Ivan Henry has been acquitted of the sexual assault charges that sent him to prison for 26 years, thanks to a B.C. Court of Appeal ruling Wednesday.

For the latest on this breaking story, visit http://www.cbc.ca/canada/british-columbia/story/2010/10/27/bc-ivan-henry-ruling.html

I know that Billy & Hawkeye will probably jump all over this like a jackel at a rabbit convention, but the opposite situation has to be presented in fairness.
Arella Mae
 
  1  
Reply Wed 27 Oct, 2010 08:17 pm
@Intrepid,
How wonderful for him! His attitude is absolutely inspiring. Thank God for DNA and modern science.

None of us ever said innocent men don't get accused of rape or get convicted.
.
0 Replies
 
firefly
 
  1  
Reply Wed 27 Oct, 2010 08:29 pm
@Arella Mae,
Quote:
So let me see if I got it straight. The ones that some call rape feminists are against what is in that paragraph? I am sorry I am so confused.


Don't apologize. I think McElroy's article is confusing, particularly if you are unfamiliar with the play. One of the voices in the play is that of a 13 year old girl (in later versions raised to 16 year old) who had been sexually traumatized earlier in her life (I guess by a man, I really don't remember). As an adolescent, she is seduced by an older woman and has a pleasurable sexual experience with that woman which helps to "cure" the damage from her earlier sexual trauma and makes her realize she doesn't need men. Yes, that would be statutory rape, and people did object to that--that's why the character's age was later raised to 16.

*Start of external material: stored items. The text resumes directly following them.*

(* Let $\lambda\in(1,2)$. The map sending a sequence $(a_j)_{j=1}^\infty\in\{0,1\}^{\mathbb{N}}$ to the $S$-gap shift $X(S)$ with $S=\{j-1: a_j=1\}$ is a bijection between the set of sequences $(a_j)_{j=1}^\infty\in\{0,1\}^{\mathbb{N}}$ satisfying $\sum_{j=1}^\infty a_j\lambda^{-j}=1$ and the set of $S$-gap shifts with entropy $\log\lambda$.
   Context: For a nonempty set $S\subseteq\{0,1,2,\dots\}$, the $S$-gap shift $X(S)\subseteq\{0,1\}^{\mathbb{Z}}$ is the set of bi-infinite binary sequences in which the number of consecutive zeros between ones is always an element of $S$ (points have the form $\cdots10^{n_{-1}}10^{n_0}10^{n_1}\cdots$ with $n_j\in S$). The entropy of a shift $X$ is $h(X)=\lim_n\frac1n\log|\mathcal{B}_n(X)|$, where $\mathcal{B}_n(X)$ is the set of words of length $n$ occurring in points of $X$ and $\log$ is to base $2$. *)

theory Defs
  imports Complex_Main
begin

text \<open>Points of the full shift on {0,1}: bi-infinite sequences, True = 1, False = 0.\<close>

text \<open>Points of the explicit form ...1 0^{n_{-1}} 1 0^{n_0} 1 0^{n_1} ... with all n_j in S:
  ones occur unboundedly in both directions and every gap between consecutive ones
  has length in S.\<close>
definition gap_points :: "nat set \<Rightarrow> (int \<Rightarrow> bool) set" where
  "gap_points S = {x. (\<forall>m. \<exists>i>m. x i) \<and> (\<forall>m. \<exists>i<m. x i) \<and>
     (\<forall>i k. i < k \<and> x i \<and> x k \<and> (\<forall>j. i < j \<and> j < k \<longrightarrow> \<not> x j)
            \<longrightarrow> nat (k - i - 1) \<in> S)}"

definition window :: "(int \<Rightarrow> bool) \<Rightarrow> int \<Rightarrow> nat \<Rightarrow> bool list" where
  "window x i n = map (\<lambda>j. x (i + int j)) [0..<n]"

definition words :: "nat \<Rightarrow> (int \<Rightarrow> bool) set \<Rightarrow> bool list set" where
  "words n X = {w. \<exists>x\<in>X. \<exists>i. w = window x i n}"

text \<open>The S-gap shift X(S): the closure (in the product topology) of gap_points S,
  i.e. all points every finite window of which occurs in a point of gap_points S.\<close>
definition gap_shift :: "nat set \<Rightarrow> (int \<Rightarrow> bool) set" where
  "gap_shift S = {x. \<forall>i n. window x i n \<in> words n (gap_points S)}"

definition entropy :: "(int \<Rightarrow> bool) set \<Rightarrow> real" where
  "entropy X = lim (\<lambda>n. log 2 (real (card (words n X))) / real n)"

end

theory Submission
  imports Defs "HOL-Library.Sublist" "HOL-Real_Asymp.Real_Asymp"
begin

text \<open>
  Read a point of X(S) as a concatenation of blocks 0^s 1 with s \<in> S. Every word of length n
  is 0^n or 0^a 1 v where v can follow a one; counting such v recursively gives
  |B_n| \<le> (n + 1)^2 x^n as soon as every finite sum of x^-(s+1) over s \<in> S is at most 1.
  Conversely, the prefixes of concatenations of blocks from a finite F \<subseteq> S give
  y^n \<le> |B_n| y^(max F) whenever the sum of y^-(s+1) over F is at least 1.
  So h(X(S)) = log \<mu>, where \<mu> is the supremum of those y for which some finite partial sum reaches 1.
  As y \<mapsto> \<Sum>s\<in>S. y^-(s+1) is continuous and strictly decreasing on (1, \<infinity>), for \<lambda> > 1 we get
  \<mu> = \<lambda> exactly when this series equals 1 at \<lambda>. Finally S is recovered from X(S) as the set of
  those s for which 1 0^s 1 is a word of X(S).
\<close>

definition gap_word :: "nat set \<Rightarrow> bool list \<Rightarrow> bool" where
  "gap_word S w \<longleftrightarrow> (\<forall>p k. p < k \<and> k < length w \<and> w!p \<and> w!k \<and> (\<forall>j. p < j \<and> j < k \<longrightarrow> \<not> w!j)
     \<longrightarrow> k - p - 1 \<in> S)"

inductive blocks :: "nat set \<Rightarrow> bool list \<Rightarrow> bool" for S where
  blocks_Nil: "blocks S []"
| blocks_Cons: "s \<in> S \<Longrightarrow> blocks S c \<Longrightarrow> blocks S (replicate s False @ True # c)"

lemma nth_block:
  "(replicate s False @ True # c) ! j = (if j < s then False else if j = s then True else c ! (j - Suc s))"
  by (auto simp: nth_append nth_Cons')

lemma block_eq_iff [simp]:
  "replicate s False @ True # v = replicate s' False @ True # v' \<longleftrightarrow> s = s' \<and> v = v'"
proof (induction s arbitrary: s')
  case 0 then show ?case by (cases s') auto
next
  case (Suc s) then show ?case by (cases s') auto
qed

lemma replicate_False_if_no_True: "True \<notin> set v \<Longrightarrow> v = replicate (length v) False"
  by (metis (full_types) replicate_length_same)

lemma blocks_append: "blocks S c \<Longrightarrow> blocks S d \<Longrightarrow> blocks S (c @ d)"
  by (induction rule: blocks.induct) (auto intro: blocks.intros)

lemma blocks_mono: "blocks F c \<Longrightarrow> F \<subseteq> S \<Longrightarrow> blocks S c"
  by (induction rule: blocks.induct) (auto intro: blocks.intros)

lemma blocks_first_one:
  "blocks S c \<Longrightarrow> c \<noteq> [] \<Longrightarrow> \<exists>s\<in>S. s < length c \<and> c!s \<and> (\<forall>j<s. \<not> c!j)"
  by (induction rule: blocks.induct) (auto simp: nth_block)

lemma blocks_last: "blocks S c \<Longrightarrow> c \<noteq> [] \<Longrightarrow> c ! (length c - 1)"
  by (induction rule: blocks.induct) (auto simp: nth_block blocks_first_one)

lemma blocks_next_one:
  assumes "blocks S c" "p < length c" "c!p"
  shows "p = length c - 1 \<or>
    (\<exists>s\<in>S. p + s + 1 < length c \<and> c!(p + s + 1) \<and> (\<forall>j. p < j \<and> j < p + s + 1 \<longrightarrow> \<not> c!j))"
  using assms
proof (induction arbitrary: p rule: blocks.induct)
  case blocks_Nil then show ?case by simp
next
  case (blocks_Cons s c)
  let ?L = "replicate s False @ True # c"
  have "s \<le> p" using blocks_Cons.prems by (auto simp: nth_block split: if_splits)
  show ?case
  proof (cases "p = s")
    case True
    show ?thesis
    proof (cases "c = []")
      case False
      then obtain s' where "s' \<in> S" "s' < length c" "c!s'" "\<forall>j<s'. \<not> c!j"
        using blocks_first_one[OF blocks_Cons.hyps(2)] by blast
      moreover have "\<forall>j. p < j \<and> j < p + s' + 1 \<longrightarrow> \<not> ?L!j"
        using \<open>\<forall>j<s'. \<not> c!j\<close> True by (auto simp: nth_block)
      moreover have "p + s' + 1 < length ?L" "?L!(p + s' + 1)"
        using \<open>s' < length c\<close> \<open>c!s'\<close> True by (simp_all add: nth_block)
      ultimately show ?thesis by blast
    qed (use True in simp)
  next
    case False
    define p' where "p' = p - Suc s"
    have p: "p = p' + Suc s" using False \<open>s \<le> p\<close> p'_def by simp
    have "p' < length c" "c!p'" using blocks_Cons.prems p by (auto simp: nth_block)
    from blocks_Cons.IH[OF this] show ?thesis
    proof
      assume "p' = length c - 1"
      then show ?thesis using p \<open>p' < length c\<close> by auto
    next
      assume "\<exists>s'\<in>S. p' + s' + 1 < length c \<and> c!(p' + s' + 1) \<and> (\<forall>j. p' < j \<and> j < p' + s' + 1 \<longrightarrow> \<not> c!j)"
      then obtain s' where s': "s' \<in> S" "p' + s' + 1 < length c" "c!(p' + s' + 1)"
        "\<forall>j. p' < j \<and> j < p' + s' + 1 \<longrightarrow> \<not> c!j" by blast
      have "\<forall>j. p < j \<and> j < p + s' + 1 \<longrightarrow> \<not> ?L!j"
      proof (intro allI impI)
        fix j assume j: "p < j \<and> j < p + s' + 1"
        then have "p' < j - Suc s \<and> j - Suc s < p' + s' + 1" using p by linarith
        then show "\<not> ?L!j" using j p s'(4) by (simp add: nth_block)
      qed
      moreover have "p + s' + 1 < length ?L" "?L!(p + s' + 1)" using s' p by (simp_all add: nth_block)
      ultimately show ?thesis using s'(1) by blast
    qed
  qed
qed

definition periodic_point :: "bool list \<Rightarrow> int \<Rightarrow> bool" where
  "periodic_point c i = c ! nat (i mod int (length c))"

lemma periodic_point_eq: "r < length c \<Longrightarrow> periodic_point c (int (length c) * q + int r) = c ! r"
  unfolding periodic_point_def by (simp add: add.commute)

lemma periodic_point_double:
  assumes "m < 2 * length c"
  shows "periodic_point c (int (length c) * q + int m) = (c @ c) ! m"
proof (cases "m < length c")
  case True then show ?thesis by (simp add: periodic_point_eq nth_append)
next
  case False
  have e: "int (length c) * q + int m = int (length c) * (q + 1) + int (m - length c)"
    using False by (simp add: algebra_simps of_nat_diff)
  have "periodic_point c (int (length c) * q + int m) = c ! (m - length c)"
    unfolding e by (rule periodic_point_eq) (use False assms in simp)
  then show ?thesis using False by (simp add: nth_append)
qed

lemma int_eq_length_mult_div_plus_mod:
  "c \<noteq> [] \<Longrightarrow> i = int (length c) * (i div int (length c)) + int (nat (i mod int (length c)))
    \<and> nat (i mod int (length c)) < length c"
  by (simp add: nat_less_iff)

lemma periodic_point_ones_unbounded:
  assumes "r < length c" "c ! r"
  shows "\<forall>m. \<exists>i>m. periodic_point c i" "\<forall>m. \<exists>i<m. periodic_point c i"
proof -
  let ?L = "int (length c)"
  have L: "1 \<le> ?L" using assms(1) by simp
  show "\<forall>m. \<exists>i>m. periodic_point c i"
  proof
    fix m :: int
    have "\<bar>m\<bar> + 1 \<le> ?L * (\<bar>m\<bar> + 1)" using L by simp
    then have "m < ?L * (\<bar>m\<bar> + 1) + int r" by linarith
    then show "\<exists>i>m. periodic_point c i" using assms by (metis periodic_point_eq)
  qed
  show "\<forall>m. \<exists>i<m. periodic_point c i"
  proof
    fix m :: int
    have "?L * (- \<bar>m\<bar>) \<le> - \<bar>m\<bar>" using L by (simp add: mult_le_cancel_right1)
    then have "?L * (- \<bar>m\<bar> - 1) + int r < m" using assms(1) by (simp add: algebra_simps)
    then show "\<exists>i<m. periodic_point c i" using assms by (metis periodic_point_eq)
  qed
qed

lemma gap_pointsI:
  assumes "\<forall>m. \<exists>i>m. x i" "\<forall>m. \<exists>i<m. x i"
    and "\<And>i. x i \<Longrightarrow> \<exists>s\<in>S. x (i + int s + 1) \<and> (\<forall>j. i < j \<and> j < i + int s + 1 \<longrightarrow> \<not> x j)"
  shows "x \<in> gap_points S"
  unfolding gap_points_def
proof (intro CollectI conjI assms(1,2) allI impI)
  fix i k assume h: "i < k \<and> x i \<and> x k \<and> (\<forall>j. i < j \<and> j < k \<longrightarrow> \<not> x j)"
  then obtain s where s: "s \<in> S" "x (i + int s + 1)" "\<forall>j. i < j \<and> j < i + int s + 1 \<longrightarrow> \<not> x j"
    using assms(3) by blast
  have "k = i + int s + 1"
  proof (rule ccontr)
    assume "k \<noteq> i + int s + 1"
    then consider "k < i + int s + 1" | "i + int s + 1 < k" by linarith
    then show False
    proof cases
      case 1 then show False using h s(3) by blast
    next
      case 2 then show False using h s(2) by force
    qed
  qed
  then show "nat (k - i - 1) \<in> S" using s by simp
qed

lemma periodic_point_in_gap_points:
  assumes c: "blocks S c" "c \<noteq> []"
  shows "periodic_point c \<in> gap_points S"
proof -
  define L where "L = length c"
  have last: "c ! (L - 1)" "L - 1 < L" using blocks_last[OF c] c(2) L_def by auto
  \<comment> \<open>In c @ c the next one after any position of c is visible, also across the period boundary.\<close>
  have cc: "blocks S (c @ c)" using blocks_append[OF c(1) c(1)] .
  show ?thesis
  proof (rule gap_pointsI)
    show "\<forall>m. \<exists>i>m. periodic_point c i" "\<forall>m. \<exists>i<m. periodic_point c i"
      using periodic_point_ones_unbounded[OF last(2)[unfolded L_def] last(1)[unfolded L_def]] by auto
  next
    fix i assume xi: "periodic_point c i"
    define q where "q = i div int L"
    define r where "r = nat (i mod int L)"
    have ir: "i = int L * q + int r" "r < L"
      using int_eq_length_mult_div_plus_mod[OF c(2), of i] L_def q_def r_def by auto
    have "(c @ c) ! r" using xi ir periodic_point_double[of r c q] L_def by simp
    moreover have "r \<noteq> length (c @ c) - 1" using ir(2) L_def by simp
    ultimately obtain s where s: "s \<in> S" "r + s + 1 < 2 * L"
      "(c @ c) ! (r + s + 1)" "\<forall>j. r < j \<and> j < r + s + 1 \<longrightarrow> \<not> (c @ c) ! j"
      using blocks_next_one[OF cc, of r] ir(2) L_def by auto
    have e: "i + int s + 1 = int L * q + int (r + s + 1)" using ir(1) by simp
    have "periodic_point c (i + int s + 1)"
      unfolding e using periodic_point_double[of "r + s + 1" c q] s(2,3) L_def by simp
    moreover have "\<not> periodic_point c j" if j: "i < j" "j < i + int s + 1" for j
    proof -
      define t where "t = nat (j - int L * q)"
      have "j = int L * q + int t" "r < t" "t < r + s + 1" using j ir unfolding t_def by auto
      then show ?thesis using periodic_point_double[of t c q] s(2,4) L_def by simp
    qed
    ultimately show "\<exists>s\<in>S. periodic_point c (i + int s + 1)
        \<and> (\<forall>j. i < j \<and> j < i + int s + 1 \<longrightarrow> \<not> periodic_point c j)"
      using s(1) by blast
  qed
qed

lemma window_periodic_point:
  "i + n \<le> length c \<Longrightarrow> window (periodic_point c) (int i) n = take n (drop i c)"
  unfolding window_def
  by (rule nth_equalityI)
    (auto simp: periodic_point_eq[of _ c 0, simplified] simp flip: of_nat_add)

lemma blocks_factor_in_words:
  assumes "blocks S c" "c \<noteq> []" "i + n \<le> length c"
  shows "take n (drop i c) \<in> words n (gap_points S)"
  unfolding words_def mem_Collect_eq
  using periodic_point_in_gap_points[OF assms(1,2)] window_periodic_point[OF assms(3), symmetric] by blast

I think the playwright was extremely misguided in using this as an example of how females can help each other recover from earlier sexual assault traumas at the hands of men, or how women can find sexual pleasure with each other rather than men--which appears to have been the playwright's intention, rather than any promotion of statutory rape. It is a variation on the theme of the older woman seducing a 13 or 16 year old boy who is unsure of his masculinity and his having a very enjoyable sexual experience, although that would be statutory rape too even though the boy enjoyed it. It was appropriate that this particular episode in the play generated considerable controversy, and that the age of the character was raised. But it's also only one episode in the play, and the playwright's intention was to deliver a pro-female message and not to promote or celebrate statutory rape. It may also have been based on an actual female's account, since the playwright interviewed several hundred women before writing the play. I suspect that those audiences who enthusiastically applaud the play are responding to the play's overall "message" and, particularly with the girl now being 16, do not think about it as a rape. I honestly do not recall how I viewed it when I read the play. It might have been one of the reasons I really didn't like the play.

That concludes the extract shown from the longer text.